lemma closed_embed_image:
  assumes paths: "S \<subseteq> Collect is_path" and "prefix_closed S"
  shows "closed (embed ` S)"
  unfolding closed_sequential_limits
proof (intro allI impI, elim conjE)
  fix s l assume sS: "\<forall>n. s n \<in> embed ` S" and lim: "s \<longlonglongrightarrow> l"
  then have "\<forall>j. \<exists>y. y \<in> S \<and> s j = embed y" by blast
  then obtain u where "\<forall>j. u j \<in> S \<and> s j = embed (u j)"
    using choice[of "\<lambda>j y. y \<in> S \<and> s j = embed y"] by blast
  then have u: "\<And>j. u j \<in> S" "\<And>j. s j = embed (u j)" by auto
  have up: "\<And>j. is_path (u j)" using u(1) paths by auto
  have "(\<lambda>j. embed (u j)) = s" using u(2) by auto
  then have "Cauchy (\<lambda>j. embed (u j))" using LIMSEQ_imp_Cauchy[OF lim] by simp
  then obtain J x where J: "\<And>n a i. J n \<le> a \<Longrightarrow> i < n \<Longrightarrow> u a i = x i"
    using Cauchy_embed_digits_stabilize[of u, OF up] by blast
  have "\<exists>y\<in>S. \<forall>i<n. y i = x i" for n
    using J[of n "J n"] u(1) by blast
  then have "x \<in> S" using \<open>prefix_closed S\<close> unfolding prefix_closed_def by blast
  then have x: "is_path x" using paths by auto
  have "s \<longlonglongrightarrow> embed x"
  proof (rule metric_LIMSEQ_I)
    fix r :: real assume "0 < r"
    then obtain n where n: "\<forall>y. is_path y \<longrightarrow> (\<forall>i<n. y i = x i) \<longrightarrow> dist (embed y) (embed x) < r"
      using embed_close_if_long_prefix[OF x] by blast
    show "\<exists>N. \<forall>a\<ge>N. dist (s a) (embed x) < r"
    proof (intro exI allI impI)
      fix a assume "J n \<le> a"
      then have "\<forall>i<n. u a i = x i" using J by blast
      then show "dist (s a) (embed x) < r" using n[rule_format, OF up] u(2) by simp
    qed
  qed
  then have "l = embed x" using lim LIMSEQ_unique by blast
  then show "l \<in> embed ` S" using \<open>x \<in> S\<close> by simp
qed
────────────────────
_ACTIVITY_
Write out the listing above, keeping every word exactly.

_YOUR RESPONSE_
lemma closed_embed_image:
  assumes paths: "S \<subseteq> Collect is_path" and "prefix_closed S"
  shows "closed (embed ` S)"
  unfolding closed_sequential_limits
proof (intro allI impI, elim conjE)
  fix s l assume sS: "\<forall>n. s n \<in> embed ` S" and lim: "s \<longlonglongrightarrow> l"
  then have "\<forall>j. \<exists>y. y \<in> S \<and> s j = embed y" by blast
  then obtain u where "\<forall>j. u j \<in> S \<and> s j = embed (u j)"
    using choice[of "\<lambda>j y. y \<in> S \<and> s j = embed y"] by blast
  then have u: "\<And>j. u j \<in> S" "\<And>j. s j = embed (u j)" by auto
  have up: "\<And>j. is_path (u j)" using u(1) paths by auto
  have "(\<lambda>j. embed (u j)) = s" using u(2) by auto
  then have "Cauchy (\<lambda>j. embed (u j))" using LIMSEQ_imp_Cauchy[OF lim] by simp
  then obtain J x where J: "\<And>n a i. J n \<le> a \<Longrightarrow> i < n \<Longrightarrow> u a i = x i"
    using Cauchy_embed_digits_stabilize[of u, OF up] by blast
  have "\<exists>y\<in>S. \<forall>i<n. y i = x i" for n
    using J[of n "J n"] u(1) by blast
  then have "x \<in> S" using \<open>prefix_closed S\<close> unfolding prefix_closed_def by blast
  then have x: "is_path x" using paths by auto
  have "s \<longlonglongrightarrow> embed x"
  proof (rule metric_LIMSEQ_I)
    fix r :: real assume "0 < r"
    then obtain n where n: "\<forall>y. is_path y \<longrightarrow> (\<forall>i<n. y i = x i) \<longrightarrow> dist (embed y) (embed x) < r"
      using embed_close_if_long_prefix[OF x] by blast
    show "\<exists>N. \<forall>a\<ge>N. dist (s a) (embed x) < r"
    proof (intro exI allI impI)
      fix a assume "J n \<le> a"
      then have "\<forall>i<n. u a i = x i" using J by blast
      then show "dist (s a) (embed x) < r" using n[rule_format, OF up] u(2) by simp
    qed
  qed
  then have "l = embed x" using lim LIMSEQ_unique by blast
  then show "l \<in> embed ` S" using \<open>x \<in> S\<close> by simp
qed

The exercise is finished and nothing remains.